* **REQUIRED WORK**
From the entries below, copy each line in which the word "auto" occurs.

(AVAILABLE RECORDS Opens)

lemma restr_map_fibre:
  fixes w :: "nat list"
  assumes "set w \<subseteq> {1..k}" "A \<subseteq> {1..length w}"
  defines "v \<equiv> subword w A"
  shows "restr (map (fibre w) [1..<k+1]) A = map (fibre (pack v)) [1..<card (set v) + 1]"
proof -
  let ?V = "set v"
  define G where "G i = {j \<in> A. w ! (j - 1) = i}" for i
  have V: "?V = (\<lambda>j. w ! (j - 1)) ` A"
    unfolding v_def using assms(2) by (rule set_subword)
  have "?V \<subseteq> {1..k}"
    using V assms by force
  have fibre_Int: "map (\<lambda>S. S \<inter> A) (map (fibre w) [1..<k+1]) = map G [1..<k+1]"
    using assms(2) by (auto simp: fibre_def G_def simp del: upt_Suc)
  have "G i \<noteq> {} \<longleftrightarrow> i \<in> ?V" for i
    unfolding V G_def by auto
  then have "filter (\<lambda>S. S \<noteq> {}) (map (\<lambda>S. S \<inter> A) (map (fibre w) [1..<k+1]))
      = map G (filter (\<lambda>i. i \<in> ?V) [1..<k+1])"
    unfolding fibre_Int filter_map o_def by simp
  also have "\<dots> = map G (sorted_list_of_set ?V)"
    unfolding filter_mem_upt[OF \<open>?V \<subseteq> {1..k}\<close>] ..
  finally have
    "restr (map (fibre w) [1..<k+1]) A = map (\<lambda>i. rank A ` G i) (sorted_list_of_set ?V)"
    by (simp add: restr_def rank_def[abs_def])
  also have "\<dots> = map (fibre v) (sorted_list_of_set ?V)"
    unfolding G_def v_def by (rule map_cong[OF refl rank_image_fibre_subword[OF assms(2)]])
  also have "\<dots> = map (fibre (pack v)) (map (rank ?V) (sorted_list_of_set ?V))"
    by (simp add: fibre_pack)
  also have "\<dots> = map (fibre (pack v)) [1..<card ?V + 1]"
    by (simp add: map_rank_sorted_list_of_set)
  finally show ?thesis .
qed

lemma sigma_eq_restr_sigma:
  assumes "is_increasing s" "is_increasing t" "A \<subseteq> {1..nbranch t}"
    and bw_s: "bw s = pack (subword (bw t) A)"
  shows "sigma s = restr (sigma t) A"
proof -
  let ?v = "subword (bw t) A"
  have "nlevels s = card (set ?v)"
    using set_bw_increasing[OF assms(1)] bw_s set_pack[of ?v]
    by (metis card_atLeastAtMost diff_Suc_1)
  then have "sigma s = map (fibre (pack ?v)) [1..<card (set ?v) + 1]"
    unfolding sigma_eq_map_fibre bw_s by simp
  also have "\<dots> = restr (map (fibre (bw t)) [1..<nlevels t + 1]) A"
  proof (rule restr_map_fibre[symmetric])
    show "set (bw t) \<subseteq> {1..nlevels t}"
      using set_bw_increasing[OF assms(2)] by simp
    show "A \<subseteq> {1..length (bw t)}"
      using assms(3) by (simp add: nbranch_def)
  qed
  finally show ?thesis
    by (simp only: sigma_eq_map_fibre)
qed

(AVAILABLE RECORDS Closes)

* **WRITTEN RESPONSE**
    using assms(2) by (auto simp: fibre_def G_def simp del: upt_Suc)
    unfolding V G_def by auto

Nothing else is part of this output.